AMBRA1 levels predict resistance to MAPK inhibitors in melanoma.

Intrinsic and acquired resistance to mitogen-activated protein kinase inhibitors (MAPKi) in melanoma remains a major therapeutic challenge. Here, we show that the clinical development of resistance to MAPKi is associated with reduced tumor expression of the melanoma suppressor Autophagy and Beclin 1 Regulator 1 (AMBRA1) and that lower expression levels of AMBRA1 predict a poor response to MAPKi treatment.
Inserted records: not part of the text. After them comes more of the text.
(* In the reachability strategy-improvement algorithm described in the context, let $\gamma_i$ and $\gamma_{i+1}$ be the player-1 selectors obtained at iterations $i$ and $i+1$. If $\gamma_i$ is proper, then $\gamma_{i+1}$ is also proper.
   Context: Concurrent game structure $G=(S,M,\Gamma_1,\Gamma_2,\delta)$: finite states, finite moves, nonempty move sets $\Gamma_i(s)$, $\delta(s,a_1,a_2)\in\mathrm{Distr}(S)$ (simultaneous independent moves). Selectors assign to each state a distribution on available moves; $\overline{\xi}$ is the memoryless strategy playing $\xi$ forever; $\Pr_s^{\pi_1,\pi_2}$ is the induced measure on plays; $\mathrm{Reach}(X)$: plays visiting $X$. $\mathrm{val}_1^{\pi_1}(\mathrm{Reach}(T))(s)=\inf_{\pi_2}\Pr_s^{\pi_1,\pi_2}(\mathrm{Reach}(T))$, $\mathrm{val}_1(\mathrm{Reach}(T))=\sup_{\pi_1}\mathrm{val}_1^{\pi_1}(\mathrm{Reach}(T))$. For a valuation $v:S\to[0,1]$: $\mathrm{Pre}_{\xi_1,\xi_2}(v)(s)=\sum_{a,b}\sum_tv(t)\delta(s,a,b)(t)\xi_1(s)(a)\xi_2(s)(b)$, $\mathrm{Pre}_{1:\xi_1}(v)(s)=\inf_{\xi_2}\mathrm{Pre}_{\xi_1,\xi_2}(v)(s)$, $\mathrm{Pre}_1(v)(s)=\sup_{\xi_1}\mathrm{Pre}_{1:\xi_1}(v)(s)$. Fix $T\subseteq S$, $W_2=\{s:\mathrm{val}_1(\mathrm{Reach}(T))(s)=0\}$; all states of $T\cup W_2$ are absorbing. A player-1 strategy is proper if, against every player-2 strategy, from every $s\in S\setminus(T\cup W_2)$, $T\cup W_2$ is reached with probability 1; a selector $\xi$ is proper if $\overline{\xi}$ is. The algorithm: $\gamma_0$ is the uniform selector on $\Gamma_1(s)$, $v_i=\mathrm{val}_1^{\overline{\gamma}_i}(\mathrm{Reach}(T))$. At iteration $i$: $I=\{s\in S\setminus(T\cup W_2):\mathrm{Pre}_1(v_i)(s)>v_i(s)\}$; $\xi_1$ is a selector with $\mathrm{Pre}_{1:\xi_1}(v_i)(s)=\mathrm{Pre}_1(v_i)(s)$ for $s\in I$; $\gamma_{i+1}(s)=\gamma_i(s)$ for $s\notin I$ and $\gamma_{i+1}(s)=\xi_1(s)$ for $s\in I$; stop when $I=\emptyset$. *)

theory Defs
  imports "HOL-Probability.Probability_Mass_Function"
begin

definition cgs :: "('s::finite \<Rightarrow> 'm::finite set) \<Rightarrow> ('s \<Rightarrow> 'm set) \<Rightarrow> bool" where
  "cgs Mv1 Mv2 \<longleftrightarrow> (\<forall>s. Mv1 s \<noteq> {} \<and> Mv2 s \<noteq> {})"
Functional analyses show that loss of AMBRA1 induces phenotype switching and orchestrates an extracellular signal-regulated kinase (ERK)-independent resistance mechanism by activating focal adhesion kinase 1 (FAK1). In both in vitro and in vivo settings, melanomas with low AMBRA1 expression exhibit intrinsic resistance to MAPKi therapy but higher sensitivity to FAK1 inhibition. Finally, we show that the rapid development of resistance in initially MAPKi-sensitive melanomas can be attributed to preexisting subclones characterized by low AMBRA1 expression and that cotreatment with MAPKi and FAK1 inhibitors (FAKi) effectively prevents the development of resistance in these tumors. In summary, our findings underscore the value of AMBRA1 expression for predicting melanoma response to MAPKi and supporting the therapeutic efficacy of FAKi to overcome MAPKi-induced resistance.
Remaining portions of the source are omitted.